▸ Task:
All lines from the one containing "by (simp add: moved_def)" through the last line below must be duplicated exactly, with nothing outside that span.

▸ Data to process:

- Opening Delimiter -

lemma dorbit_transpose_merge:
  assumes "finite X" "bij_betw f X X" "a \<in> X" "b \<in> X" "b \<notin> dorbit f a"
  shows "dorbit (f \<circ> transpose a b) a = dorbit f a \<union> dorbit f b"
proof -
  define h where "h = f \<circ> transpose a b"
  have h_a: "h a = f b" and h_b: "h b = f a" and h_other: "z \<noteq> a \<Longrightarrow> z \<noteq> b \<Longrightarrow> h z = f z"
    for z by (simp_all add: h_def)
  have a_Ob: "a \<notin> dorbit f b"
    using dorbit_sym[OF assms(1,2,4)] assms(5) by blast
  have "x \<in> dorbit h a" if "x \<in> dorbit f (f b)" for x
    using that
  proof (induction rule: dorbit_induct)
    case base
    show ?case
      using dorbit_step[OF dorbit_self, of h a] h_a by simp
  next
    case (step z)
    have "z \<noteq> a"
      using dorbit_trans[OF dorbit_step[OF dorbit_self[of b f]]] step(1) a_Ob by blast
    then show ?case
      using dorbit_step[OF step(2)] dorbit_step[OF dorbit_self, of h a] h_a h_other
      by (cases "z = b") auto
  qed
  then have Ob: "dorbit f b \<subseteq> dorbit h a"
    using dorbit_eq[OF assms(1,2,4) dorbit_step[OF dorbit_self[of b f]]] by blast
  have "x \<in> dorbit h a" if "x \<in> dorbit f a" for x
    using that
  proof (induction rule: dorbit_induct)
    case (step z)
    have "z \<noteq> b"
      using step(1) assms(5) by auto
    then show ?case
      using dorbit_step[OF step(2)] dorbit_step[of b h a] Ob dorbit_self[of b f] h_b h_other
      by (cases "z = a") auto
  qed (rule dorbit_self)
  then show ?thesis
    using Ob dorbit_transpose_subset[of f a b] unfolding h_def by blast
qed

lemma orbit_count_transpose_same:
  assumes "finite X" "bij_betw f X X" "a \<in> X" "b \<in> X" "b \<in> dorbit f a"
  shows "orbit_count (f \<circ> transpose a b) X \<le> orbit_count f X + 1"
proof -
  define h where "h = f \<circ> transpose a b"
  have h_bij: "bij_betw h X X"
    unfolding h_def using bij_betw_trans[of "transpose a b" X X f] assms(2-4) by simp
  have Ob: "dorbit f b = dorbit f a"
    using dorbit_eq[OF assms(1-3,5)] .
  have "dorbit h ` X \<subseteq> (dorbit f ` X - {dorbit f a}) \<union> {dorbit h a, dorbit h b}"
  proof
    fix Q assume "Q \<in> dorbit h ` X"
    then obtain x where x: "x \<in> X" "Q = dorbit h x"
      by auto
    show "Q \<in> (dorbit f ` X - {dorbit f a}) \<union> {dorbit h a, dorbit h b}"
    proof (cases "dorbit f x = dorbit f a")
      case True
      then have "x \<in> dorbit h a \<or> x \<in> dorbit h b"
        using dorbit_transpose_split[OF assms(5)] dorbit_self[of x f] unfolding h_def by blast
      then show ?thesis
        using x dorbit_eq[OF assms(1) h_bij assms(3)] dorbit_eq[OF assms(1) h_bij assms(4)] by blast
    next
      case False
      then have "a \<notin> dorbit f x" "b \<notin> dorbit f x"
        using dorbit_eq[OF assms(1,2) x(1)] Ob by metis+
      then show ?thesis
        using x False dorbit_transpose_outside unfolding h_def by fastforce
    qed
  qed
  from card_image_replace[OF assms(1) _ this] assms(3)
  have "card (dorbit h ` X) + 1 \<le> card (dorbit f ` X) + card {dorbit h a, dorbit h b}"
    by simp
  moreover have "card {dorbit h a, dorbit h b} \<le> 2"
    by (simp add: card_insert_if)
  ultimately show ?thesis
    unfolding orbit_count_def h_def by simp
qed

lemma orbit_count_transpose_merge:
  assumes "finite X" "bij_betw f X X" "a \<in> X" "b \<in> X" "b \<notin> dorbit f a"
  shows "orbit_count (f \<circ> transpose a b) X + 1 \<le> orbit_count f X"
proof -
  define h where "h = f \<circ> transpose a b"
  have h_bij: "bij_betw h X X"
    unfolding h_def using bij_betw_trans[of "transpose a b" X X f] assms(2-4) by simp
  have merge: "dorbit h a = dorbit f a \<union> dorbit f b"
    using dorbit_transpose_merge[OF assms] unfolding h_def .
  have ne: "dorbit f a \<noteq> dorbit f b"
    using assms(5) dorbit_self by metis
  have "dorbit h ` X \<subseteq> (dorbit f ` X - {dorbit f a, dorbit f b}) \<union> {dorbit f a \<union> dorbit f b}"
  proof
    fix Q assume "Q \<in> dorbit h ` X"
    then obtain x where x: "x \<in> X" "Q = dorbit h x"
      by auto
    show "Q \<in> (dorbit f ` X - {dorbit f a, dorbit f b}) \<union> {dorbit f a \<union> dorbit f b}"
    proof (cases "dorbit f x = dorbit f a \<or> dorbit f x = dorbit f b")
      case True
      then have "x \<in> dorbit h a"
        using merge dorbit_self[of x f] by auto
      then show ?thesis
        using x merge dorbit_eq[OF assms(1) h_bij assms(3)] by simp
    next
      case False
      then have "a \<notin> dorbit f x" "b \<notin> dorbit f x"
        using dorbit_eq[OF assms(1,2) x(1)] by metis+
      then show ?thesis
        using x False dorbit_transpose_outside unfolding h_def by fastforce
    qed
  qed
  from card_image_replace[OF assms(1) _ this] assms(3,4) ne show ?thesis
    unfolding orbit_count_def h_def by simp
qed

lemma orbit_count_transpose_le:
  assumes "finite X" "bij_betw f X X" "a \<in> X" "b \<in> X"
  shows "orbit_count (f \<circ> transpose a b) X \<le> orbit_count f X + 1"
  using orbit_count_transpose_same[OF assms] orbit_count_transpose_merge[OF assms] by fastforce

definition involution_on :: "('a \<Rightarrow> 'a) \<Rightarrow> 'a set \<Rightarrow> bool" where
  "involution_on t X \<longleftrightarrow> (\<forall>x\<in>X. t x \<in> X \<and> t (t x) = x)"

definition moved :: "('a \<Rightarrow> 'a) \<Rightarrow> 'a set \<Rightarrow> 'a set" where
  "moved t X = {x \<in> X. t x \<noteq> x}"

definition involution_pairs :: "('a \<Rightarrow> 'a) \<Rightarrow> 'a set \<Rightarrow> ('a \<times> 'a) set" where
  "involution_pairs t X = {(x, t x) | x. x \<in> X \<and> t x \<noteq> x}"

lemma involution_on_bij: "involution_on t X \<Longrightarrow> bij_betw t X X"
  unfolding involution_on_def by (rule bij_betw_byWitness[where f' = t]) auto

lemma involution_on_fix_pair:
  "involution_on t X \<Longrightarrow> a \<in> X \<Longrightarrow> involution_on (t(a := a, t a := t a)) X"
  unfolding involution_on_def by (auto, metis)

lemma moved_fix_pair:
  "involution_on t X \<Longrightarrow> moved (t(a := a, t a := t a)) X = moved t X - {a, t a}"
  unfolding moved_def involution_on_def by auto

lemma card_moved_fix_pair:
  assumes "finite X" "involution_on t X" "a \<in> moved t X"
  shows "card (moved (t(a := a, t a := t a)) X) + 2 = card (moved t X)"
proof -
  have "{a, t a} \<subseteq> moved t X" "a \<noteq> t a"
    using assms(2,3) unfolding moved_def involution_on_def by auto
  moreover have "finite (moved t X)"
    using assms(1) unfolding moved_def by simp
  ultimately show ?thesis
    using moved_fix_pair[OF assms(2)] card_Diff_subset[of "{a, t a}" "moved t X"]
      card_mono[of "moved t X" "{a, t a}"] by simp
qed

lemma involution_fix_pair_transpose:
  "involution_on t X \<Longrightarrow> a \<in> X \<Longrightarrow> x \<in> X \<Longrightarrow> t x = (t(a := a, t a := t a)) (transpose a (t a) x)"
  unfolding involution_on_def transpose_def by auto

lemma involution_fix_pair_transpose_left:
  "involution_on t X \<Longrightarrow> a \<in> X \<Longrightarrow> x \<in> X \<Longrightarrow> t x = transpose a (t a) ((t(a := a, t a := t a)) x)"
  unfolding involution_on_def transpose_def by (auto, metis)

lemma involution_pairs_fix_pair:
  assumes "involution_on t X" "a \<in> moved t X"
  shows "involution_pairs t X = involution_pairs (t(a := a, t a := t a)) X \<union> {(a, t a), (t a, a)}"
  using assms unfolding involution_pairs_def involution_on_def moved_def by (auto 4 3)

lemma sym_involution_pairs:
  assumes "involution_on t X"
  shows "sym (involution_pairs t X)"
proof (rule symI)
  fix x y assume "(x, y) \<in> involution_pairs t X"
  then have "x \<in> X" "y = t x" "t x \<noteq> x"
    by (auto simp: involution_pairs_def)
  then show "(y, x) \<in> involution_pairs t X"
    using assms unfolding involution_pairs_def involution_on_def by force
qed

lemma involution_on_induct [consumes 2, case_names identity fix_pair]:
  assumes "finite X" "involution_on t X"
    and identity: "\<And>t. involution_on t X \<Longrightarrow> moved t X = {} \<Longrightarrow> P t"
    and fix_pair: "\<And>t a. involution_on t X \<Longrightarrow> a \<in> moved t X \<Longrightarrow> P (t(a := a, t a := t a)) \<Longrightarrow> P t"
  shows "P t"
  using assms(2)
proof (induction "card (moved t X)" arbitrary: t rule: less_induct)
  case less
  show ?case
  proof (cases "moved t X = {}")
    case False
    then obtain a where a: "a \<in> moved t X"
      by blast
    then have "a \<in> X"
      by (simp add: moved_def)
    then show ?thesis
      using fix_pair[OF less.prems a] less.hyps card_moved_fix_pair[OF assms(1) less.prems a]
        involution_on_fix_pair[OF less.prems] by simp
  qed (rule identity[OF less.prems])
qed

- Closing Delimiter -

▸ Problem solution:
      by (simp add: moved_def)
    then show ?thesis
      using fix_pair[OF less.prems a] less.hyps card_moved_fix_pair[OF assms(1) less.prems a]
        involution_on_fix_pair[OF less.prems] by simp
  qed (rule identity[OF less.prems])
qed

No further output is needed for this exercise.